#### EXERCISE GOAL
Reproduce exactly, and only, the lines below from the one containing "(\<forall>i\<ge>1. part mu" through the one containing "det (mat n n (\<lambda>(i0, j0).".

- Opening Delimiter -

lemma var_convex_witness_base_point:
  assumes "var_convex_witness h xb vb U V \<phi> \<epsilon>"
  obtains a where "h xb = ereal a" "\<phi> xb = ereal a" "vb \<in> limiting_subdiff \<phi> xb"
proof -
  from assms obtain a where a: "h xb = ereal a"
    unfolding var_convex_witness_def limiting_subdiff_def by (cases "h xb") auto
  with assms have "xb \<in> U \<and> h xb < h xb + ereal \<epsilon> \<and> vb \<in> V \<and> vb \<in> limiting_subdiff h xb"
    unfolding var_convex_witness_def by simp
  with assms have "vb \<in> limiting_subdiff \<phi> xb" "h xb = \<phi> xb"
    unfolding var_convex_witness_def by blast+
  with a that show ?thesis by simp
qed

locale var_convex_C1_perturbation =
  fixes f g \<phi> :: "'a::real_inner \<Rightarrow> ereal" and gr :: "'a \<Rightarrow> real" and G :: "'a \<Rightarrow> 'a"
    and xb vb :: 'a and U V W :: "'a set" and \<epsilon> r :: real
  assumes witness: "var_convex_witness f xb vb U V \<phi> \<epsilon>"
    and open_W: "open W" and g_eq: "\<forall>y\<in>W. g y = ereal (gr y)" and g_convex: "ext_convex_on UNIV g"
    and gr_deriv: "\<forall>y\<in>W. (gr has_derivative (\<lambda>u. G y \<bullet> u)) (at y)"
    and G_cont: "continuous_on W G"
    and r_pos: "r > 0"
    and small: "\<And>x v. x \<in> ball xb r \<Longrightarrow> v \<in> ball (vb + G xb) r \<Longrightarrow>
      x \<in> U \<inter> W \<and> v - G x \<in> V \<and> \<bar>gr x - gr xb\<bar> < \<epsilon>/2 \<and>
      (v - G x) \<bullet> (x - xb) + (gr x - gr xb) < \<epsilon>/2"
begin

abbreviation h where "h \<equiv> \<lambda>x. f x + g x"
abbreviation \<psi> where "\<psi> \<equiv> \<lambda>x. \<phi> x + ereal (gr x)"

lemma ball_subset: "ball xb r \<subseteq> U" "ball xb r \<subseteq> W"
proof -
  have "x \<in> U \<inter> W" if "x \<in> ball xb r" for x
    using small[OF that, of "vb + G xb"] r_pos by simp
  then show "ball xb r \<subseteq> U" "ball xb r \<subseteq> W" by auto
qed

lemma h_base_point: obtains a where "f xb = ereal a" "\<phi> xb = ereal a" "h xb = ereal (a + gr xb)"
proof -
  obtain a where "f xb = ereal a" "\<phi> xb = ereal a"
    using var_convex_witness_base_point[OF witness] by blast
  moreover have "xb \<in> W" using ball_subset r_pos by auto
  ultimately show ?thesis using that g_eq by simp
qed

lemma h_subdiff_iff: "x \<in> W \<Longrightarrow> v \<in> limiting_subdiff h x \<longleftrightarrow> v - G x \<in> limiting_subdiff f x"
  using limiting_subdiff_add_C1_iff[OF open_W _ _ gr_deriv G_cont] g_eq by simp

- Closing Delimiter -
- Opening Delimiter -

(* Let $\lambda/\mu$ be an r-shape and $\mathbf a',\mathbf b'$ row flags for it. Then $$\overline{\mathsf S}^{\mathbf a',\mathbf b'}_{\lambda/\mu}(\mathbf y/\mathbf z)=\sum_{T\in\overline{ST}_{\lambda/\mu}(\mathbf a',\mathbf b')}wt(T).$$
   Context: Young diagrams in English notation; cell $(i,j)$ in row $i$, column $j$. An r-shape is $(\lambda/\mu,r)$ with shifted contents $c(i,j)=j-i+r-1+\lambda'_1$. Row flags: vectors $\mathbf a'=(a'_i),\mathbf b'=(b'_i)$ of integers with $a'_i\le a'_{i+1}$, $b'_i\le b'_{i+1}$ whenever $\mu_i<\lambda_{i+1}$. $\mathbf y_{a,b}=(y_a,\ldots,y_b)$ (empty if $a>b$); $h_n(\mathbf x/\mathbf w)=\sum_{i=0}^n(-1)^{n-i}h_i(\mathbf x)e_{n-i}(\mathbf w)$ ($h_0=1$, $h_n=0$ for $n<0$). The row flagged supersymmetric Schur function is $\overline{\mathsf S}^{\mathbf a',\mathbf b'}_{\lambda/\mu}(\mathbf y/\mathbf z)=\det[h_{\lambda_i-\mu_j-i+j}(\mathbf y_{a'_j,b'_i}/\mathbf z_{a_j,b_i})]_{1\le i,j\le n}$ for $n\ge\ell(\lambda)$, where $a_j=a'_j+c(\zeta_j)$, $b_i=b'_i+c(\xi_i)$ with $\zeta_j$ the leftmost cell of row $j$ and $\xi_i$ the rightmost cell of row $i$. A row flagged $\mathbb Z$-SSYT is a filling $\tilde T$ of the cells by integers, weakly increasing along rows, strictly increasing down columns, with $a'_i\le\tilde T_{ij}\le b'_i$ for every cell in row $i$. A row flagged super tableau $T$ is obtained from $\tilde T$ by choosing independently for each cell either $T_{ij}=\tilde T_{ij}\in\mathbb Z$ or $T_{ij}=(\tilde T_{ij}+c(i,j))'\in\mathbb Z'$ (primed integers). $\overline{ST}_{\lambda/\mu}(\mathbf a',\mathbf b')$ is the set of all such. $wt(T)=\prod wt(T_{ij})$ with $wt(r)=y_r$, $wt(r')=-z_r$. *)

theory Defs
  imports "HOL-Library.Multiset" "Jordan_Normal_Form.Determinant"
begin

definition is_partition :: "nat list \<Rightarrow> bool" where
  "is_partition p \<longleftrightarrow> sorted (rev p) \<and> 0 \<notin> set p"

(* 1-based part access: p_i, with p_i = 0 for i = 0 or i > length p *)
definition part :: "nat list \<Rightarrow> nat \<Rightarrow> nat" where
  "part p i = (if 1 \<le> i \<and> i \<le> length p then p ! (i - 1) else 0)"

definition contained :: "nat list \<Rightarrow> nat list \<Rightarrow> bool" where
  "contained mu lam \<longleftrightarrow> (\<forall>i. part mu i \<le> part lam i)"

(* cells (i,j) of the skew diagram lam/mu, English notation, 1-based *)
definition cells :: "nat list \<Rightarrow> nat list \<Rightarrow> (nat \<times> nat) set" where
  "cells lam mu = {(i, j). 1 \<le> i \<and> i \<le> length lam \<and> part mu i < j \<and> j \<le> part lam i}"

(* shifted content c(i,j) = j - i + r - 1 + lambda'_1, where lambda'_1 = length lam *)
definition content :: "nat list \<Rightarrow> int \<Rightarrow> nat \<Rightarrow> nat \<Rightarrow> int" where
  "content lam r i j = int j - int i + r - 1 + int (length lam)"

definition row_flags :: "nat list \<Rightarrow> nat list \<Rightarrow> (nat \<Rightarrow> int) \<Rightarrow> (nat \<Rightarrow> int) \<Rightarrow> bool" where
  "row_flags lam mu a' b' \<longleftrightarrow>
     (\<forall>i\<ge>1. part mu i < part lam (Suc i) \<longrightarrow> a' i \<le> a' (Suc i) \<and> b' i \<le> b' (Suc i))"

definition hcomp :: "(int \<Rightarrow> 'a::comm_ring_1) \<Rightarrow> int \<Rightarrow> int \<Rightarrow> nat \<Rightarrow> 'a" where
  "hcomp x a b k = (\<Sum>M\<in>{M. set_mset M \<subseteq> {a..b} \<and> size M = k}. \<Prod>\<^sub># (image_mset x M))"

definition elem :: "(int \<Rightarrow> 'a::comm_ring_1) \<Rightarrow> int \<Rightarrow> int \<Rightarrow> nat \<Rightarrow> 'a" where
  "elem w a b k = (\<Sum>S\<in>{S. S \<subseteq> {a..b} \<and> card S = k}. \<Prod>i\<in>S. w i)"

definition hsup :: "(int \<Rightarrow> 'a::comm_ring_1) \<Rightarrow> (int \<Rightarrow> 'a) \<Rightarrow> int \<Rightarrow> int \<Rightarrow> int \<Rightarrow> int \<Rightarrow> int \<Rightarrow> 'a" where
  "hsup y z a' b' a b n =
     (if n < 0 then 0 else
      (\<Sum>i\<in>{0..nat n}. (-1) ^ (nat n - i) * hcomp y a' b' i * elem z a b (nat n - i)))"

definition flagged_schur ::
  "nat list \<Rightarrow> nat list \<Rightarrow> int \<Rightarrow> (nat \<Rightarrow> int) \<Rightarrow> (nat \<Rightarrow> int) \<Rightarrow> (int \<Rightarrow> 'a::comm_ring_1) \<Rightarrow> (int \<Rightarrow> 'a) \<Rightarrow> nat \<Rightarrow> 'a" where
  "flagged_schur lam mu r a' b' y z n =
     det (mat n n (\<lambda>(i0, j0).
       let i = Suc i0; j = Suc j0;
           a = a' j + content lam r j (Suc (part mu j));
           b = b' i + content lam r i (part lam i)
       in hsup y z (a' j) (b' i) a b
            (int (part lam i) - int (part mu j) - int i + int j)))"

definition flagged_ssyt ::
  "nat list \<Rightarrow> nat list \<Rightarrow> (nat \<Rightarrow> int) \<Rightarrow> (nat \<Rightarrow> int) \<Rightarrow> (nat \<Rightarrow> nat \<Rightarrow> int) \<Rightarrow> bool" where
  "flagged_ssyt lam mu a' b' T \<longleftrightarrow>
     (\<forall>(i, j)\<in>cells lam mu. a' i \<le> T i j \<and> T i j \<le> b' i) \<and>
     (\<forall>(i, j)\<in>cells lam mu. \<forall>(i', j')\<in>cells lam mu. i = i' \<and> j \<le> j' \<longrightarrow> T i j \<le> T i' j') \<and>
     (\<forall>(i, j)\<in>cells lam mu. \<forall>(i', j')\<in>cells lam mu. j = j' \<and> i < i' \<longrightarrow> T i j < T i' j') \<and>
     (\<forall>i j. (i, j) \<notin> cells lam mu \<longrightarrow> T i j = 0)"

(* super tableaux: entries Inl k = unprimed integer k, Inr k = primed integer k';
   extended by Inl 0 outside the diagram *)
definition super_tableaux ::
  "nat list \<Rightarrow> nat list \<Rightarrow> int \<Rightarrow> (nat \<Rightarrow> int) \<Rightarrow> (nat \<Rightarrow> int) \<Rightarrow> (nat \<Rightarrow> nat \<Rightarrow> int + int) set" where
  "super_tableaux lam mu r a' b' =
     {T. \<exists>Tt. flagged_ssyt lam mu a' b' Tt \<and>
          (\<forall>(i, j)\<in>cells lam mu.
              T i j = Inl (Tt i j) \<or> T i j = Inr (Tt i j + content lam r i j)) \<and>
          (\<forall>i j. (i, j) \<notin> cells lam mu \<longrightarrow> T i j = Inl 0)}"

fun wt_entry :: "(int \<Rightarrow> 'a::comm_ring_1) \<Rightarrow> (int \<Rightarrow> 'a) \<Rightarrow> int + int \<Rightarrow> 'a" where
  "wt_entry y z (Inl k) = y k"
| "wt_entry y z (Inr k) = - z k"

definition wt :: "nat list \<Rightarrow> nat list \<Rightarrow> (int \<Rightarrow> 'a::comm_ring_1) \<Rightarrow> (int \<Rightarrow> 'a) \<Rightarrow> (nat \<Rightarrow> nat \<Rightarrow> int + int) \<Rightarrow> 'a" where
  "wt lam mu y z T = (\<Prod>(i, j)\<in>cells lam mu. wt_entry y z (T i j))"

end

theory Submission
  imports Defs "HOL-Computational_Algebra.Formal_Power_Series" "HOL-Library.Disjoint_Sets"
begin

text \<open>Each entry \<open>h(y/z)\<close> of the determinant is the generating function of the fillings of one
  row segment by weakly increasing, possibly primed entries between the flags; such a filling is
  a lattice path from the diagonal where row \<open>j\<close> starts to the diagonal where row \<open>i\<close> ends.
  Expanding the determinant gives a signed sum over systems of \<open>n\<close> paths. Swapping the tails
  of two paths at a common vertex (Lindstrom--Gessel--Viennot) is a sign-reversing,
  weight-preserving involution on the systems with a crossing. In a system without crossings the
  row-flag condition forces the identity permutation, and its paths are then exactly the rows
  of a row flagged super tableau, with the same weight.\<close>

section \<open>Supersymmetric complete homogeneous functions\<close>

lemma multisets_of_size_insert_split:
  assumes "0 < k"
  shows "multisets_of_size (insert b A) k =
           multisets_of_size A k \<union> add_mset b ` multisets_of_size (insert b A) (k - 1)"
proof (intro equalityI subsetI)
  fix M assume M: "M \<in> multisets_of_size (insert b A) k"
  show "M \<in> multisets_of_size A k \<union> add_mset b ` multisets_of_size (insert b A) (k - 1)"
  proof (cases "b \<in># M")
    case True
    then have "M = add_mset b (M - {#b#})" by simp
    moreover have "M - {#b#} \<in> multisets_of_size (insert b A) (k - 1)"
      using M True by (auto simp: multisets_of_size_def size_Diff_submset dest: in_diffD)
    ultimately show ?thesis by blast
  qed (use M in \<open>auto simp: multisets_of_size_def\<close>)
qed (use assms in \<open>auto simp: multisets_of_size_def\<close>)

- Closing Delimiter -

#### RESPONSE BOX
     (\<forall>i\<ge>1. part mu i < part lam (Suc i) \<longrightarrow> a' i \<le> a' (Suc i) \<and> b' i \<le> b' (Suc i))"

definition hcomp :: "(int \<Rightarrow> 'a::comm_ring_1) \<Rightarrow> int \<Rightarrow> int \<Rightarrow> nat \<Rightarrow> 'a" where
  "hcomp x a b k = (\<Sum>M\<in>{M. set_mset M \<subseteq> {a..b} \<and> size M = k}. \<Prod>\<^sub># (image_mset x M))"

definition elem :: "(int \<Rightarrow> 'a::comm_ring_1) \<Rightarrow> int \<Rightarrow> int \<Rightarrow> nat \<Rightarrow> 'a" where
  "elem w a b k = (\<Sum>S\<in>{S. S \<subseteq> {a..b} \<and> card S = k}. \<Prod>i\<in>S. w i)"

definition hsup :: "(int \<Rightarrow> 'a::comm_ring_1) \<Rightarrow> (int \<Rightarrow> 'a) \<Rightarrow> int \<Rightarrow> int \<Rightarrow> int \<Rightarrow> int \<Rightarrow> int \<Rightarrow> 'a" where
  "hsup y z a' b' a b n =
     (if n < 0 then 0 else
      (\<Sum>i\<in>{0..nat n}. (-1) ^ (nat n - i) * hcomp y a' b' i * elem z a b (nat n - i)))"

definition flagged_schur ::
  "nat list \<Rightarrow> nat list \<Rightarrow> int \<Rightarrow> (nat \<Rightarrow> int) \<Rightarrow> (nat \<Rightarrow> int) \<Rightarrow> (int \<Rightarrow> 'a::comm_ring_1) \<Rightarrow> (int \<Rightarrow> 'a) \<Rightarrow> nat \<Rightarrow> 'a" where
  "flagged_schur lam mu r a' b' y z n =
     det (mat n n (\<lambda>(i0, j0).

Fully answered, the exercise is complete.